There is a pretty known writing by Bob Nystrom named "What color is you function"?

In it, the author discusses the existing approaches to async programming. The majority of programming languages, including Python, he says, use functions "of different colors". That is, one color for "regular" functions and a special one - for async ones. If you have to use async and await keywords for async functions, you are using a special color. Golang does not have function colors, as a vivid counter-example.

Recently, taking a closer look at how sqlalchemy provides async I/O, I have found a way to do the async programming not using function coloring.

It is best suited for cases when you do not actually need concurrency, just the async I/O. When you have many logical threads, executing at the same time, but they are not dependent on each other. Within a particular thread operations execute sequentially, so concurrency is not needed. A web server is a good example, handling of the web requests being those independent "threads".

What does it look like

It looks like a regular synchronous code, that's why I say it's programming in the gevent style. However, we don't do any monkeypatching. Instead, our code should add support for the async I/O.

Here is an example, it is a working code, you can run it yourself.

from kitchen.models import Order

@as_async
def food_delivery(request):
    order: Order = prepare_order(request)
    order.save()
    resp = myhttpx.post(settings.KITCHEN_SERVICE, data=order.as_dict())
    match resp.status_code, resp.json():
        case 201, {"mins": _mins} as when:
            if consumer := ws.consumers.get(request.user.username):
                consumer.send_json(when)
            return JsonResponse(when)
        case _:
            kitchen_error(resp)

In the above django view, we save an order into the database, then make a request to a kitchen service, then notify the customer on when to expect the delivery.

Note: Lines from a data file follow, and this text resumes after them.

(* Let $A_1,A_2,A_3$ be $m\times m$ complex positive semidefinite matrices, let $G$ be a subgroup of the symmetric group $S_m$, and let $\chi$ be an irreducible character of $G$. Then $$d^G_\chi(A_1+A_2+A_3)+d^G_\chi(A_1)+d^G_\chi(A_2)+d^G_\chi(A_3)-\big(d^G_\chi(A_1+A_2)+d^G_\chi(A_1+A_3)+d^G_\chi(A_2+A_3)\big)\;\ge\;0.$$
   Context: For a subgroup $G$ of $S_m$ and a character $\chi$ of $G$, the generalized matrix function on $m\times m$ matrices $X=(x_{ij})$ is $d^G_\chi(X)=\sum_{\sigma\in G}\chi(\sigma)\prod_{t=1}^m x_{t\,\sigma(t)}$. The inequality asserts that this (a priori complex) expression is a nonnegative real number. *)

theory Defs
  imports "Jordan_Normal_Form.Matrix" "Jordan_Normal_Form.Conjugate" "HOL-Combinatorics.Permutations"
begin

text \<open>Indices run over {0..<m} instead of {1..m}.\<close>

definition psd_mat :: "nat \<Rightarrow> complex mat \<Rightarrow> bool" where
  "psd_mat m A \<longleftrightarrow> A \<in> carrier_mat m m
     \<and> (\<forall>i<m. \<forall>j<m. A $$ (i, j) = cnj (A $$ (j, i)))
     \<and> (\<forall>v \<in> carrier_vec m. 0 \<le> (\<Sum>i<m. \<Sum>j<m. cnj (v $ i) * A $$ (i, j) * v $ j))"

definition perm_subgroup :: "nat \<Rightarrow> (nat \<Rightarrow> nat) set \<Rightarrow> bool" where
  "perm_subgroup m G \<longleftrightarrow> (\<forall>\<sigma>\<in>G. \<sigma> permutes {..<m}) \<and> id \<in> G
     \<and> (\<forall>\<sigma>\<in>G. \<forall>\<tau>\<in>G. \<sigma> \<circ> \<tau> \<in> G) \<and> (\<forall>\<sigma>\<in>G. inv_into UNIV \<sigma> \<in> G)"

definition mat_trace :: "complex mat \<Rightarrow> complex" where
  "mat_trace A = (\<Sum>i<dim_row A. A $$ (i, i))"

definition is_rep :: "(nat \<Rightarrow> nat) set \<Rightarrow> nat \<Rightarrow> ((nat \<Rightarrow> nat) \<Rightarrow> complex mat) \<Rightarrow> bool" where
  "is_rep G n \<rho> \<longleftrightarrow> (\<forall>\<sigma>\<in>G. \<rho> \<sigma> \<in> carrier_mat n n) \<and> \<rho> id = 1\<^sub>m n
     \<and> (\<forall>\<sigma>\<in>G. \<forall>\<tau>\<in>G. \<rho> (\<sigma> \<circ> \<tau>) = \<rho> \<sigma> * \<rho> \<tau>)"

definition is_subspace :: "nat \<Rightarrow> complex vec set \<Rightarrow> bool" where
  "is_subspace n W \<longleftrightarrow> W \<subseteq> carrier_vec n \<and> 0\<^sub>v n \<in> W
     \<and> (\<forall>v\<in>W. \<forall>w\<in>W. v + w \<in> W) \<and> (\<forall>c. \<forall>v\<in>W. c \<cdot>\<^sub>v v \<in> W)"

definition irreducible_rep :: "(nat \<Rightarrow> nat) set \<Rightarrow> nat \<Rightarrow> ((nat \<Rightarrow> nat) \<Rightarrow> complex mat) \<Rightarrow> bool" where
  "irreducible_rep G n \<rho> \<longleftrightarrow> is_rep G n \<rho> \<and> n \<ge> 1
     \<and> (\<forall>W. is_subspace n W \<and> (\<forall>\<sigma>\<in>G. \<forall>v\<in>W. \<rho> \<sigma> *\<^sub>v v \<in> W)
            \<longrightarrow> W = {0\<^sub>v n} \<or> W = carrier_vec n)"

definition irreducible_character :: "(nat \<Rightarrow> nat) set \<Rightarrow> ((nat \<Rightarrow> nat) \<Rightarrow> complex) \<Rightarrow> bool" where
  "irreducible_character G \<chi> \<longleftrightarrow>
     (\<exists>n \<rho>. irreducible_rep G n \<rho> \<and> (\<forall>\<sigma>\<in>G. \<chi> \<sigma> = mat_trace (\<rho> \<sigma>)))"

definition gen_mat_fun :: "nat \<Rightarrow> (nat \<Rightarrow> nat) set \<Rightarrow> ((nat \<Rightarrow> nat) \<Rightarrow> complex) \<Rightarrow> complex mat \<Rightarrow> complex" where
  "gen_mat_fun m G \<chi> X = (\<Sum>\<sigma>\<in>G. \<chi> \<sigma> * (\<Prod>t<m. X $$ (t, \<sigma> t)))"

end

theory Submission
  imports Defs "Jordan_Normal_Form.Determinant"
begin

text \<open>Expanding each generalized matrix function multilinearly turns the left-hand side into a
  sum over colourings \<open>w\<close> of the rows by the three matrices. By inclusion--exclusion a colouring
  carries weight 1 if it uses all three colours (or \<open>m = 0\<close>) and 0 otherwise, and this weight is
  invariant under \<open>w \<mapsto> w \<circ> \<pi>\<close> for \<open>\<pi> \<in> G\<close>. Writing each \<open>A\<^sub>i\<close> as a Gram matrix \<open>F\<^sub>i\<^sup>* F\<^sub>i\<close> and
  averaging over \<open>G\<close>, the contribution of each colouring becomes a sum of terms
  \<open>\<Sum>\<^sub>\<pi>\<^sub>,\<^sub>\<sigma> \<chi>(\<sigma>) \<beta>(\<pi>)\<^sup>* \<beta>(\<sigma> \<pi>)\<close>, which are nonnegative because a character is a positive
  definite function on \<open>G\<close>: the representation is unitary for the invariant form
  \<open>H = \<Sum>\<^sub>g \<rho>(g)\<^sup>* \<rho>(g)\<close>.\<close>

section \<open>Hermitian forms and Gram factorisation\<close>

definition hform :: "nat \<Rightarrow> (nat \<Rightarrow> nat \<Rightarrow> complex) \<Rightarrow> (nat \<Rightarrow> complex) \<Rightarrow> complex" where
  "hform n A v = (\<Sum>i<n. \<Sum>j<n. cnj (v i) * A i j * v j)"

definition psd_fun :: "nat \<Rightarrow> (nat \<Rightarrow> nat \<Rightarrow> complex) \<Rightarrow> bool" where
  "psd_fun n A \<longleftrightarrow> (\<forall>i<n. \<forall>j<n. A i j = cnj (A j i)) \<and> (\<forall>v. 0 \<le> hform n A v)"

lemma hform_cong: "(\<And>i. i < n \<Longrightarrow> v i = w i) \<Longrightarrow> hform n A v = hform n A w"
  unfolding hform_def by (intro sum.cong refl) auto

lemma hform_Suc:
  "hform (Suc n) A v = hform n A v + (\<Sum>j<n. cnj (v n) * A n j * v j) + (\<Sum>i<n. cnj (v i) * A i n * v n)
      + cnj (v n) * A n n * v n"
  unfolding hform_def by (simp add: sum.distrib algebra_simps)

lemma sum_two_point:
  fixes f :: "nat \<Rightarrow> 'a::comm_ring_1"
  assumes "i \<noteq> k" "i < n" "k < n"
  shows "(\<Sum>j<n. f j * (if j = i then x else if j = k then y else 0)) = f i * x + f k * y"
proof -
  have "(\<Sum>j<n. f j * (if j = i then x else if j = k then y else 0))
      = (\<Sum>j<n. (if j = i then f j * x else 0) + (if j = k then f j * y else 0))"
    by (rule sum.cong) (use assms in auto)
  then show ?thesis using assms by (simp add: sum.distrib)
qed

lemma hform_two_point:
  assumes "i \<noteq> k" "i < n" "k < n"
  shows "hform n A (\<lambda>j. if j = i then x else if j = k then y else 0) =
    cnj x * A i i * x + cnj x * A i k * y + cnj y * A k i * x + cnj y * A k k * y"
proof -
  let ?v = "\<lambda>j. if j = i then x else if j = k then y else 0"
  have "hform n A ?v = (\<Sum>a<n. (\<Sum>j<n. A a j * ?v j) * (if a = i then cnj x else if a = k then cnj y else 0))"
    unfolding hform_def by (intro sum.cong refl) (auto simp: sum_distrib_left sum_distrib_right mult_ac)
  also have "\<dots> = (\<Sum>a<n. (A a i * x + A a k * y) * (if a = i then cnj x else if a = k then cnj y else 0))"
    unfolding sum_two_point[OF assms] ..
  also have "\<dots> = cnj x * A i i * x + cnj x * A i k * y + cnj y * A k i * x + cnj y * A k k * y"
    by (subst sum_two_point[OF assms]) (simp add: algebra_simps)
  finally show ?thesis .
qed

lemma psd_fun_col_zero_if_diag_zero:
  assumes psd: "psd_fun n A" and "i < n" "k < n" and diag: "A k k = 0"
  shows "A i k = 0"
proof (rule ccontr)
  assume nz: "A i k \<noteq> 0"
  then have "i \<noteq> k" using diag by auto
  define a where "a = A i k"
  have "A k i = cnj a" using psd assms unfolding psd_fun_def a_def by blast
  define r where "r = (cmod a)\<^sup>2"
  have r: "a * cnj a = complex_of_real r" "0 < r"
    unfolding r_def using nz a_def by (simp_all only: complex_norm_square) simp
  \<comment> \<open>the test vector \<open>e\<^sub>i + y e\<^sub>k\<close> with \<open>y\<close> chosen so that the form equals \<open>-1\<close>\<close>
  define t where "t = (Re (A i i) + 1) / (2 * r)"
  define y where "y = - complex_of_real t * cnj a"
  have "0 \<le> hform n A (\<lambda>j. if j = i then 1 else if j = k then y else 0)"
    using psd unfolding psd_fun_def by blast
  also have "\<dots> = A i i - complex_of_real (2 * t * r)"
    using hform_two_point[OF \<open>i \<noteq> k\<close> assms(2,3), of A 1 y] diag \<open>A k i = cnj a\<close> r(1)
    unfolding y_def a_def by (simp add: algebra_simps)
  finally have "0 \<le> Re (A i i) - 2 * t * r" by (simp add: less_eq_complex_def)
  also have "Re (A i i) - 2 * t * r = -1" unfolding t_def using r(2) by (simp add: field_simps)
  finally show False by simp
qed

lemma hform_diff_rank_one:
  "hform n (\<lambda>i j. A i j - cnj (g i) * g j) v = hform n A v - cnj (\<Sum>j<n. g j * v j) * (\<Sum>j<n. g j * v j)"
proof -
  have "hform n (\<lambda>i j. A i j - cnj (g i) * g j) v = hform n A v - (\<Sum>i<n. \<Sum>j<n. cnj (g i * v i) * (g j * v j))"
    unfolding hform_def by (simp add: sum_subtractf algebra_simps)
  then show ?thesis by (simp add: sum_product)
qed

The vanilla django is used, however, with an async backend. myhttpx is a wrapper over httpx. Ws consumer needed wrapping too, of course.

As you can see, we made django an async-capable framework. The higher-level libraries like django-rest-framework, for example, require even less effort (zero).

How it is done: the greenlet hack

The greenlet hack is the same that is used by sqlalchemy, and can be found here.

The idea of it is to split the code between two greenlets, a sync and an async one. All async operation are "filtered out" to the async greenlet, the remaining code being composed solely of "regular" functions.

There are two ways of using greenhack.

In the first case there already is an event loop your application is run within. In this case you would usually decorate your top-level function with @as_async.

The second case is when you don't have an event loop and have to start one yourself. An example for this is Python REPL. Or some legacy console utility. In this case you should call

greenhack.start_loop()

After this your code is able to use async I/O. Here you can see that I've added this line to manage.py (django console utility) to make it work with an async backend.

Merits

Here I will try and share my own opinion on the value of the described approach.

It is just an approach, it doesn't have any code. It relies on asyncio by default.

It is indispensable for working with legacy codebases. I am sure this is the future of the django project, for example.

The approach has one benefit in comparison with async-native code: it can support both async and blocking code with one codebase.

Hardly it can be viewed as a general-purpose approach to async programming. But I'm sure it can have a wide range of uses.

Is it production-ready?

It has been tested in production primarily by sqlalchemy, and zzzeek says it's production-ready.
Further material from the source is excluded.